Milo here, can i just say that your irresistable 
Maybe me and you should....take a walk somewhere and talk (or for us....woof!)

Let me know, sweet thang


----------



## Crazy_Chihuahuas (Nov 5, 2005)

*HELLO*

Hello Sandra and Milo! Well done you Sandra for getting such a lovely boy. He has a lovely glossy coat. I bet he's really playful! Will you get him snipped or is it too early to tell?
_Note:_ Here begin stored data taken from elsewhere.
definition homogeneous :: "('i \<Rightarrow> 'm set) \<Rightarrow> 'm \<Rightarrow> bool" where
  "homogeneous G m \<longleftrightarrow> (\<exists>i. m \<in> G i)"

definition macaulay_basis ::
  "('r::comm_ring_1 \<Rightarrow> 'm::ab_group_add \<Rightarrow> 'm) \<Rightarrow> ('i::linorder \<Rightarrow> 'm set) \<Rightarrow> 'm set \<Rightarrow> 'm set \<Rightarrow> bool" where
  "macaulay_basis scale G P X \<longleftrightarrow> finite X \<and> X \<subseteq> P \<and> 0 \<notin> X \<and>
     module.span scale {lf G p | p. p \<in> P \<and> p \<noteq> 0} = module.span scale (lf G ` X)"

definition noetherian_module :: "('r::comm_ring_1 \<Rightarrow> 'm::ab_group_add \<Rightarrow> 'm) \<Rightarrow> bool" where
  "noetherian_module scale \<longleftrightarrow>
     (\<forall>S. module.subspace scale S \<longrightarrow> (\<exists>F. finite F \<and> module.span scale F = S))"

(* The free module R^n, represented as functions nat => R vanishing outside {..<n} *)
definition free_carrier :: "nat \<Rightarrow> (nat \<Rightarrow> 'r::zero) set" where
  "free_carrier n = {f. \<forall>i\<ge>n. f i = 0}"

definition vscale :: "'r::comm_ring_1 \<Rightarrow> (nat \<Rightarrow> 'r) \<Rightarrow> (nat \<Rightarrow> 'r)" where
  "vscale r f = (\<lambda>i. r * f i)"

definition Syz :: "('r::comm_ring_1 \<Rightarrow> 'm::ab_group_add \<Rightarrow> 'm) \<Rightarrow> nat \<Rightarrow> (nat \<Rightarrow> 'm) \<Rightarrow> (nat \<Rightarrow> 'r) set" where
  "Syz scale n u = {f \<in> free_carrier n. (\<Sum>i<n. scale (f i) (u i)) = 0}"

(* B-grading of R^n associated to b_1..b_n:
   (R^n)_b = sum_i sum_{a. a.b_i = b} R_a e_i  (at most one such a, by cancellativity) *)
definition assoc_grading ::
  "('a \<Rightarrow> 'r::comm_ring_1 set) \<Rightarrow> ('a \<Rightarrow> 'b \<Rightarrow> 'b) \<Rightarrow> (nat \<Rightarrow> 'b) \<Rightarrow> nat \<Rightarrow> 'b \<Rightarrow> (nat \<Rightarrow> 'r) set" where
  "assoc_grading GR act bs n b =
     {f \<in> free_carrier n. \<forall>i<n. f i = 0 \<or> (\<exists>a. act a (bs i) = b \<and> f i \<in> GR a)}"

end

theory Submission
  imports Defs
begin

text \<open>
  Write \<open>B\<close> for the grading of \<open>R\<^sup>n\<close> associated to the degrees of the \<open>m\<^sub>i\<close>.
  For \<open>x\<close> homogeneous of \<open>B\<close>-degree \<open>b\<close>, the element \<open>\<Sum> x\<^sub>i m\<^sub>i\<close> has all components
  in degrees \<open>\<le> b\<close>, and its \<open>b\<close>-component is \<open>\<Sum> x\<^sub>i lf(m\<^sub>i)\<close>. Two consequences:
  the \<open>B\<close>-leading component of a syzygy of the \<open>m\<^sub>i\<close> is a syzygy of the \<open>lf(m\<^sub>i)\<close>;
  and for a homogeneous syzygy \<open>s\<^sub>j\<close> of the \<open>lf(m\<^sub>i)\<close>, the element \<open>\<Sum> s\<^sub>j\<^sub>i m\<^sub>i\<close> lies strictly
  below \<open>deg s\<^sub>j\<close>, hence so does the correction \<open>h\<^sub>j\<close>, and \<open>s\<^sub>j - h\<^sub>j\<close> has \<open>B\<close>-leading form
  \<open>s\<^sub>j\<close>. Since the \<open>B'\<close>-grading refines \<open>B\<close>, the \<open>B'\<close>-leading form of any element equals
  that of its \<open>B\<close>-leading component, so both facts transfer to \<open>B'\<close>-leading forms and the
  Macaulay basis property of the \<open>s\<^sub>j\<close> passes to the \<open>s\<^sub>j - h\<^sub>j\<close>.
\<close>

definition hsupp :: "('i \<Rightarrow> 'm::ab_group_add set) \<Rightarrow> 'm \<Rightarrow> 'i set" where
  "hsupp G m = {i. hcomp G i m \<noteq> 0}"

lemma decomp_sum_superset:
  assumes "is_decomp G m f" "finite S" "{i. f i \<noteq> 0} \<subseteq> S"
  shows "sum f S = m"
proof -
  have "sum f S = sum f {i. f i \<noteq> 0}"
    by (rule sum.mono_neutral_right) (use assms in auto)
  then show ?thesis using assms(1) unfolding is_decomp_def by simp
qed

lemma is_decompI:
  assumes "finite S" "\<And>i. f i \<in> G i" "{i. f i \<noteq> 0} \<subseteq> S" "sum f S = m"
  shows "is_decomp G m f"
proof -
  have "sum f S = sum f {i. f i \<noteq> 0}"
    by (rule sum.mono_neutral_right) (use assms in auto)
  then show ?thesis
    using assms finite_subset unfolding is_decomp_def by auto
qed

locale grading =
  fixes C :: "'m::ab_group_add set" and G :: "'i::linorder \<Rightarrow> 'm set"
  assumes is_grading: "is_grading C G"
begin
lemma antiparallel_eq_scaleR_z:
  assumes "pform N v z = 0" "pform N w z = 0" "grad v \<noteq> 0" "grad w \<noteq> 0"
    and "norm (grad w) *\<^sub>R grad v + norm (grad v) *\<^sub>R grad w = 0"
    and "\<not> (\<exists>\<rho>>0. w = - \<rho> *\<^sub>R v)"
  obtains K where "K \<noteq> 0" "norm (grad w) *\<^sub>R v + norm (grad v) *\<^sub>R w = K *\<^sub>R z"
proof -
  define n1 n2 where "n1 = norm (grad v)" and "n2 = norm (grad w)"
  have n_pos: "0 < n1" "0 < n2" using assms(3,4) by (simp_all add: n1_def n2_def)
  define u where "u = n2 *\<^sub>R v + n1 *\<^sub>R w"
  have "grad u = 0" using assms(5) by (simp add: u_def grad_combination n1_def n2_def)
  moreover have "pform N u z = 0" using assms(1,2) by (simp add: u_def)
  ultimately have u_z: "u = (2 * curv u) *\<^sub>R z" by (rule eq_scaleR_z_if_flat)
  have "2 * curv u \<noteq> 0"
  proof
    assume "2 * curv u = 0"
    then have "n1 *\<^sub>R w = - (n2 *\<^sub>R v)"
      using u_z by (simp add: u_def eq_neg_iff_add_eq_0 add.commute)
    then have "(1 / n1) *\<^sub>R (n1 *\<^sub>R w) = - (n2 / n1) *\<^sub>R v" by simp
    then have "w = - (n2 / n1) *\<^sub>R v" using n_pos by simp
    moreover have "0 < n2 / n1" using n_pos by simp
    ultimately show False using assms(6) by blast
  qed
  with u_z that show ?thesis unfolding u_def n1_def n2_def by blast
qed
text \<open>Transporting a relation part along \<open>f\<close> and then restricting to a component is the same as
  transporting the component part along the restriction of \<open>f\<close>.\<close>
lemma point_ident:
  assumes tup: "tup \<in> srel (interp_app arS \<phi> X) R" and j: "j < length (arS R)"
    and d: "d \<in> elems (gD \<gamma> (arS R ! j))"
  shows "cls_\<kappa> (point (Inr (R, tup)) (gp \<gamma> R j d)) = cls_\<kappa> (point (Inl (arS R ! j, tup ! j)) d)"
proof -
  define i1 :: "(nat \<times> nat \<times> 'x list) + (nat \<times> (nat \<times> 'x list) list)" where "i1 = Inr (R, tup)"
  define i2 :: "(nat \<times> nat \<times> 'x list) + (nat \<times> (nat \<times> 'x list) list)"
    where "i2 = Inl (arS R ! j, tup ! j)"
  have i1: "i1 \<in> gadget_idx (interp_app arS \<phi> X)" using tup by (auto simp: gadget_idx_def i1_def)
  have i2: "i2 \<in> gadget_idx (interp_app arS \<phi> X)"
    unfolding gadget_idx_def i2_def using interp_app_srel_nth[OF tup j] by blast
  define K where "K = idx_support i1"
  define L where "L = idx_support i2"
  have K: "K \<in> kc_sets k X" and L: "L \<in> kc_sets k X"
    using idx_support_kc_set[OF width] i1 i2 by (auto simp: K_def L_def)
  have len: "length tup = length (arS R)" using tup by (auto simp: interp_app_def)
  have L_eq: "L = set (snd (tup ! j))" by (simp add: L_def i2_def idx_support_def)
  have LK: "L \<subseteq> K"
    unfolding L_eq K_def i1_def idx_support_def using j len by (auto intro!: bexI[of _ "tup ! j"])
  obtain s0 where d0: "d \<in> sdom (gD \<gamma> (arS R ! j)) s0" using d by (auto simp: elems_def)
  have gpd: "gp \<gamma> R j d \<in> sdom (gR \<gamma> R) s0"
    using wf_\<gamma> j d0 unfolding wf_gadget_def is_hom_def by blast
  define b where "b = snd (snd (point i2 d))"
  have b: "b \<in> F L \<rightarrow>\<^sub>E sdom B s0"
    using point_sdom(2)[OF i2] d0 by (simp add: b_def L_def i2_def gadget_copy_def)
  have FL: "g |` L \<in> F L" if "g \<in> F K" for g
    using F_consistent that L LK unfolding kc_consistent_def by blast
  have restr: "snd (snd (point i1 (gp \<gamma> R j d))) = restrict (\<lambda>g. b (g |` L)) (F K)"
  proof (simp add: point_def flip: K_def, rule restrict_ext)
    fix g assume "g \<in> F K"
    then show "G (cls_C (idx_map (\<iota> \<circ> the \<circ> g) i1, gp \<gamma> R j d)) = b (g |` L)"
      using transport_component[OF tup j d] FL[of g] L_eq
      by (simp add: b_def point_def K_def i1_def i2_def idx_support_def flip: L_def)
  qed
  have wf: "wf_struct arB (gR \<gamma> R)" "wf_struct arB (gD \<gamma> (arS R ! j))"
    using wf_\<gamma> by (auto simp: wf_gadget_def)
  have sorts: "sort_of (gadget_copy \<gamma> i1) (gp \<gamma> R j d) = s0" "sort_of (gadget_copy \<gamma> i2) d = s0"
    using sort_of_eq[OF wf(1) gpd] sort_of_eq[OF wf(2) d0]
    by (simp_all add: i1_def i2_def gadget_copy_def)
  have p1: "point i1 (gp \<gamma> R j d) = (K, (s0, restrict (\<lambda>g. b (g |` L)) (F K)))"
    using restr sorts(1) by (simp add: point_def K_def)
  have p2: "point i2 d = (L, (s0, b))"
    using sorts(2) by (simp add: point_def b_def L_def)
  have r: "restrict (\<lambda>g. b (g |` L)) (F K) \<in> F K \<rightarrow>\<^sub>E sdom B s0"
    using b FL by (auto simp: PiE_iff)
  have "(c, (s0, f)) \<in> glue_pre (kc_sets k X) (\<lambda>K. power arB B (F K))"
    if "c \<in> kc_sets k X" "f \<in> F c \<rightarrow>\<^sub>E sdom B s0" for c f
    using that unfolding glue_pre_def elems_def power_def by auto
  moreover have "((K, (s0, restrict (\<lambda>g. b (g |` L)) (F K))), (L, (s0, b))) \<in> kc_ident k X B F"
    unfolding kc_ident_def using K L LK b by blast
  ultimately have "cls_\<kappa> (K, (s0, restrict (\<lambda>g. b (g |` L)) (F K))) = cls_\<kappa> (L, (s0, b))"
    using K L r b by (intro glue_class_eq) blast+
  then show ?thesis using p1 p2 by (simp add: i1_def i2_def)
qed

lemma gadget_app_hom_kappa: "gadget_app arS \<gamma> (interp_app arS \<phi> X) \<rightarrow>\<^sub>h kappa arP arB k A B X"
proof -
  let ?m = "\<lambda>(i, d). cls_\<kappa> (point i d)"
  have "respects_glue (gadget_idx (interp_app arS \<phi> X)) (gadget_copy \<gamma>)
      (gadget_ident arS \<gamma> (interp_app arS \<phi> X)) ?m"
    unfolding respects_glue_def
  proof (intro allI impI)
    fix p q assume "(p, q) \<in> gadget_ident arS \<gamma> (interp_app arS \<phi> X)"
    then obtain R tup j d where "p = (Inr (R, tup), gp \<gamma> R j d)" "q = (Inl (arS R ! j, tup ! j), d)"
      "tup \<in> srel (interp_app arS \<phi> X) R" "j < length (arS R)" "d \<in> elems (gD \<gamma> (arS R ! j))"
      unfolding gadget_ident_def by blast
    then show "?m p = ?m q" using point_ident by simp
  qed
  then show ?thesis
    unfolding gadget_app_glue hom_to_def using copy_hom_kappa by (force intro: glue_hom)
qed

end

lemma pcsp_reduction_kappa_of_gadget:
  fixes arP :: "'pr::finite \<Rightarrow> 'ps::finite list"
    and A :: "('ps, 'pr, 'a) struct" and \<phi> :: "('ps, 'pr, nat, nat) interp"
    and \<gamma> :: "(nat, nat, 'bs, 'br, 'g) gadget"
  assumes A: "promise_template arP A A'"
    and \<phi>: "interp_width_le \<phi> k" and \<gamma>: "wf_gadget arS arB \<gamma>"
    and red: "pcsp_reduction arP A A' B B' (\<lambda>X. gadget_app arS \<gamma> (interp_app arS \<phi> X))"
  shows "pcsp_reduction arP A A' B B' (kappa arP arB k A B)"
  unfolding pcsp_reduction_def
proof (intro allI impI conjI)
  fix X :: "('ps, 'pr, nat) struct" assume X: "wf_struct arP X \<and> finite_struct X"
  show "X \<rightarrow>\<^sub>h A \<Longrightarrow> kappa arP arB k A B X \<rightarrow>\<^sub>h B"
    unfolding hom_to_def[of X A] using kappa_hom_of_hom by blast
  assume \<kappa>B': "kappa arP arB k A B X \<rightarrow>\<^sub>h B'"
  have wfA: "wf_struct arP A" and finA: "finite_struct A"
    using A by (auto simp: promise_template_def)
  \<comment> \<open>the reduction is only applied to structures over \<open>nat\<close>, so replace \<open>A\<close> by such a copy\<close>
  obtain C :: "('ps, 'pr, nat) struct"
    where C: "wf_struct arP C" "finite_struct C" "A \<rightarrow>\<^sub>h C" "C \<rightarrow>\<^sub>h A"
    using hom_equivalent_nat_struct[OF wfA finA] by blast
  obtain G where "is_hom (gadget_app arS \<gamma> (interp_app arS \<phi> C)) B G"
    using red C unfolding pcsp_reduction_def hom_to_def by blast
  moreover obtain \<iota> where "is_hom A C \<iota>" using C(3) by (auto simp: hom_to_def)
  ultimately interpret gadget_factorization arP arB arS k X A C B \<phi> \<gamma> \<iota> G
    using X elems_finite[OF finA] elems_finite[of X] \<phi> \<gamma> by unfold_locales auto
  have "gadget_app arS \<gamma> (interp_app arS \<phi> X) \<rightarrow>\<^sub>h B'"
    using gadget_app_hom_kappa \<kappa>B' by (rule hom_to_trans)
  then show "X \<rightarrow>\<^sub>h A'" using red X unfolding pcsp_reduction_def by blast
qed

section \<open>Simulating \<open>k\<close>-consistency by a Datalog interpretation\<close>

text \<open>The Datalog program derives \<open>bad_sym \<sigma> f\<close> on a tuple \<open>v\<close> of sort \<open>\<sigma>\<close> when the partial
  map \<open>v \<mapsto> f\<close> is refuted by \<open>k\<close>-consistency: it violates a relation of \<open>A\<close>, it projects to a refuted
  map, or every extension of it to a larger tuple is refuted.  The output sorts of the
  interpretation are indexed by pairs \<open>(\<sigma>, T)\<close> (tuples of sort \<open>\<sigma>\<close> on which all maps in \<open>T\<close> are
  refuted), its relation symbols by the projections between them; IDB symbol \<open>0\<close> is the output.\<close>
locale kc_datalog =
  fixes arP :: "'pr::finite \<Rightarrow> 'ps::finite list"
    and k :: nat
    and A :: "('ps, 'pr, 'a) struct"
  assumes finite_A: "finite_struct A"
begin

definition tuples :: "'ps list \<Rightarrow> 'a list set" where
  "tuples \<sigma> = {f. length f = length \<sigma> \<and> (\<forall>i < length \<sigma>. f ! i \<in> sdom A (\<sigma> ! i))}"

definition short_sorts :: "'ps list set" where
  "short_sorts = {\<sigma>. length \<sigma> \<le> k}"

definition bad_keys :: "('ps list \<times> 'a list) set" where
  "bad_keys = {(\<sigma>, f). \<sigma> \<in> short_sorts \<and> f \<in> tuples \<sigma>}"

definition positions :: "'ps list \<Rightarrow> nat list set" where
  "positions \<sigma> = {\<pi>. length \<pi> \<le> k \<and> (\<forall>x \<in> set \<pi>. x < length \<sigma>)}"
lemma compact_pos_lower_bound:
  fixes f :: "'a::topological_space \<Rightarrow> real"
  assumes "compact S" "continuous_on S f" "\<And>x. x \<in> S \<Longrightarrow> 0 < f x"
  obtains c where "0 < c" "\<And>x. x \<in> S \<Longrightarrow> c \<le> f x"
proof (cases "S = {}")
  case True
  then show ?thesis
    using that[of 1] by simp
next
  case False
  then obtain x0 where "x0 \<in> S" "\<And>x. x \<in> S \<Longrightarrow> f x0 \<le> f x"
    using continuous_attains_inf[OF assms(1) _ assms(2)] by blast
  then show ?thesis
    using that[of "f x0"] assms(3) by blast
qed

lemma continuous_on_norm_powr:
  fixes f :: "'a::topological_space \<Rightarrow> 'b::real_normed_vector"
  assumes "continuous_on S f" "0 < r"
  shows "continuous_on S (\<lambda>x. norm (f x) powr r)"
  using assms by (intro continuous_on_powr' continuous_on_norm continuous_on_const) auto

lemma jensen_gap_ge_on_cone:
  fixes r \<tau> :: real
  assumes r: "1 < r" and \<tau>: "0 < \<tau>"
  obtains c where "0 < c"
    "\<And>a b::'b::euclidean_space. \<tau> * (norm a + norm b) \<le> norm (a - b) \<Longrightarrow>
       c * norm (a - b) powr r \<le> jensen_gap r a b"
proof -
  define S where "S = {z::'b \<times> 'b. norm (fst z) + norm (snd z) = 1 \<and> \<tau> \<le> norm (fst z - snd z)}"
  have "S \<subseteq> cball 0 1"
  proof
    fix z assume "z \<in> S"
    then show "z \<in> cball 0 1"
      using norm_Pair_le[of "fst z" "snd z"] by (simp add: S_def)
  qed
  moreover have "closed S"
    unfolding S_def by (intro closed_Collect_conj closed_Collect_eq closed_Collect_le continuous_intros)
  ultimately have "compact S"
    by (metis bounded_cball bounded_subset compact_eq_bounded_closed)
  moreover have "continuous_on S (\<lambda>z. jensen_gap r (fst z) (snd z))"
    unfolding jensen_gap_def using r
    by (intro continuous_on_diff continuous_on_divide continuous_on_add continuous_on_norm_powr
        continuous_on_const continuous_on_fst continuous_on_snd continuous_on_id continuous_on_scaleR) auto
  moreover have "0 < jensen_gap r (fst z) (snd z)" if "z \<in> S" for z
    using that \<tau> r by (intro jensen_gap_pos) (auto simp: S_def)
  ultimately obtain c where c: "0 < c" "\<And>z. z \<in> S \<Longrightarrow> c \<le> jensen_gap r (fst z) (snd z)"
    by (rule compact_pos_lower_bound) blast+
  have "c * norm (a - b) powr r \<le> jensen_gap r a b"
    if cone: "\<tau> * (norm a + norm b) \<le> norm (a - b)" for a b :: 'b
  proof (cases "norm a + norm b = 0")
    case True
    then show ?thesis
      by (simp add: jensen_gap_def add_nonneg_eq_0_iff)
  next
    case False
    define l where "l = norm a + norm b"
    have l: "0 < l"
      using False by (simp add: l_def add_pos_nonneg order_le_neq_trans)
    \<comment> \<open>rescale onto S; the gap is homogeneous of degree r\<close>
    have nl: "norm (inverse l *\<^sub>R x) = norm x / l" for x :: 'b
      using l by (simp add: divide_inverse_commute)
    have "norm (inverse l *\<^sub>R a) + norm (inverse l *\<^sub>R b) = 1"
      unfolding nl using l by (simp add: l_def flip: add_divide_distrib)
    moreover have "\<tau> \<le> norm (inverse l *\<^sub>R a - inverse l *\<^sub>R b)"
      unfolding scaleR_diff_right[symmetric] nl using l cone by (simp add: l_def pos_le_divide_eq)
    ultimately have "(inverse l *\<^sub>R a, inverse l *\<^sub>R b) \<in> S"
      by (simp add: S_def)
    then have "c \<le> inverse l powr r * jensen_gap r a b"
      using c(2) l by (fastforce simp: jensen_gap_scaleR)
    then have "c * l powr r \<le> jensen_gap r a b"
      using l by (simp add: powr_divide field_simps)
    moreover have "norm (a - b) powr r \<le> l powr r"
      using norm_triangle_ineq4[of a b] r by (intro powr_mono2) (auto simp: l_def)
    ultimately show ?thesis
      using c(1) by (meson mult_left_mono less_imp_le order_trans)
  qed
  with c(1) show ?thesis
    using that by blast
qed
Long coats are my fave - soo pretty!

WELL DONE DARLING! 

HERE IS A PHOTO OF ONE OF MY CHI SISTERS - THIS IS PERRITA:


----------



## Sandra1961 (Oct 14, 2005)

awww wow how adorable is she!!!

Im not sure about getting him snipped, its the best thing for him i suppose, but i dont like the thought of my ickle baby going through that stress and operation!
Hes only tiny and 8weeks old, i dont want to think about it right now lol :lol:


----------



## Crazy_Chihuahuas (Nov 5, 2005)

*LOL!!!!!!!!!*

LOL!!!!!!!!!!!!! O.K. my darling - fair enough!!!!!!  He is the CUTEST baby!!! :lol:


----------



## Sandra1961 (Oct 14, 2005)

Hehe thanks 

Were so lucky to have him, hes so mischievious, but all he does is look at us in that way they do, and he could get away with anything


----------



## Sandra1961 (Oct 14, 2005)

Tacha_Jaimin said:


> Sooooo sweet :roll:


Hey...are those rolling eyes there for a reason?  lol


----------



## Minty_Min82 (Sep 17, 2005)

Hes CUte!!!


----------